“Dasar lola’”
Astaghfirullahal ‘Adzim.. aku tadi barusan ngatai kak Yuki, ya? Mampus..
Tanpa melihat pun aku sudah tau kak Yuki sedang memelototiku. Bara api di matanya pasti sudah berkobar-kobar. Amarahnya menggelora karena teringat dengan julukan dirinya yang sudah melekat sejak dulu.
“Apa kamu bilang, dek? Lola’? Kakak gak salah dengar, kan?”
Aku melirik ke arahnya, menggeleng pelan. Sudah tak mungkin lagi untuk mengelak.
Nyeeet..
“AWW!!!”
Aku merintih kesakitan seraya mengelus cepat lenganku yang dicubit kak Yuki. Untung kami sudah masuk kompleks perumahan. Karena jarak rumah kami yang tidak jauh, aku bisa langsung pulang mengompres bekas cubitannya ini. Rasanya mau nangis.
“Kakak kenapa cubit Aan gak pakai sarung tangan? Kan gak boleh..”
“Kemeja Aan kan panjang. Jadinya bukan kulit kita yang bersentuhan.”
“Uuh.. sakit loh, kak. Cubitan Kakak masih pedas aja ternyata. Dasar tidak ber-perikemanusiaan,” rengekku sedih. Menahan air mata yang entah kenapa ingin keluar.
Aku kok masih cengeng aja jadi anak laki, ya?
“Enak aja pedas, emangnya sambalado. Ber-perikemanusiaan? Plis deh, dek. Kakak bukan pancasila,” timpalnya kesal.
Ia melipat kedua tangan di depan dada. Hal yang selalu dilakukannya kalau sedang menahan amarah. Tapi anehnya ia segera menurunkan lengannya, bertengger kalem di samping tubuhnya.
“Hahaha.. kenapa, kak? Dah kehabisan tenaga mau marah?”
Aku terkikik melihat ekspresi kerasnya yang melembut.
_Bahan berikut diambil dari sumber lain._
text \<open>Y_{tau+k;tau}: Yseq ... k, with gamma'' = g2.\<close>
primrec Yseq :: "(nat \<Rightarrow> real) \<Rightarrow> (nat \<Rightarrow> bool) \<Rightarrow> real \<Rightarrow> real \<Rightarrow> nat \<Rightarrow> nat \<Rightarrow> ('s,'a) qfun" where
  "Yseq \<alpha> coin g2 D \<tau> 0 = (\<lambda>s a. D)"
| "Yseq \<alpha> coin g2 D \<tau> (Suc k) =
     (if coin (\<tau> + k)
      then (\<lambda>s a. (1 - \<alpha> (\<tau> + k)) * Yseq \<alpha> coin g2 D \<tau> k s a + \<alpha> (\<tau> + k) * g2 * D)
      else Yseq \<alpha> coin g2 D \<tau> k)"

end

theory Submission
  imports Defs
begin

text \<open>On an UPDATE(A) step the error \<open>r\<^sub>t = Q\<^sup>A\<^sub>t - Q\<^sup>*\<close> becomes
  \<open>(1 - \<alpha>\<^sub>t) r\<^sub>t + \<alpha>\<^sub>t w\<^sub>t\<close> up to the perturbation
  \<open>\<alpha>\<^sub>t ((\<T>Q\<^sup>A\<^sub>t - \<T>Q\<^sup>*) + \<gamma> (Q\<^sup>B\<^sub>t - Q\<^sup>A\<^sub>t)(s', a\<^sup>*))\<close>; the Bellman operator is a
  \<open>\<gamma>\<close>-contraction and \<open>\<parallel>u\<^sup>B\<^sup>A\<^sub>t\<parallel> \<le> \<sigma> D\<close>, so the perturbation is at most \<open>\<alpha>\<^sub>t \<gamma>(1 + \<sigma>) D\<close>.
  The recursions for \<open>W\<close> and \<open>Y\<close> carry exactly the unperturbed part and the accumulated
  perturbation bound, so the sandwich \<open>|r\<^sub>t - W\<^sub>t| \<le> Y\<^sub>t\<close> propagates by induction from
  \<open>|r\<^sub>\<tau>| \<le> D = Y\<^sub>\<tau>\<close>.\<close>

lemma abs_le_qnorm:
  fixes Q :: "('s::finite, 'a::finite) qfun"
  shows "\<bar>Q s a\<bar> \<le> qnorm Q"
proof -
  have "{\<bar>Q s a\<bar> | s a. True} = (\<lambda>(s, a). \<bar>Q s a\<bar>) ` UNIV" by auto
  then show ?thesis unfolding qnorm_def by (simp only:) (rule Max_ge, auto)
qed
Eh, tepatnya melemah. Dengan bahu yang terkulai.
“Enggak, kok. Kakak memang udah lemas sih sekarang. Tapi Kakak diam karena ucapan Aan memang gak salah. Loading kakak masih lama. Masih aja lola’. Harusnya sifat jelek ini dulu yang Kakak hilangkan sebelum berubah jadi wanita yang lebih dewasa, kan.”
Ia menunduk lesu bersamaan dengan helaan napas lelah yang keluar dari mulutnya. Keningku berkerut dalam, mencoba mencari kata-kata yang cocok untuk situasi sekarang.
“Siapa bilang orang dewasa gak boleh lola’? Gak setiap orang dewasa itu cepat tanggap, kak. Jangan terlalu dipikirkan. Kakak cukup jadi diri sendiri aja.”
Pas sekali. Ketika kalimatku itu berakhir, kami sampai di gerbang depan rumah megah milik Mr. Kobayashi, ayah kak Yuki. Gerbang besar itu selalu terlihat kokoh, kuat, dan berkilat.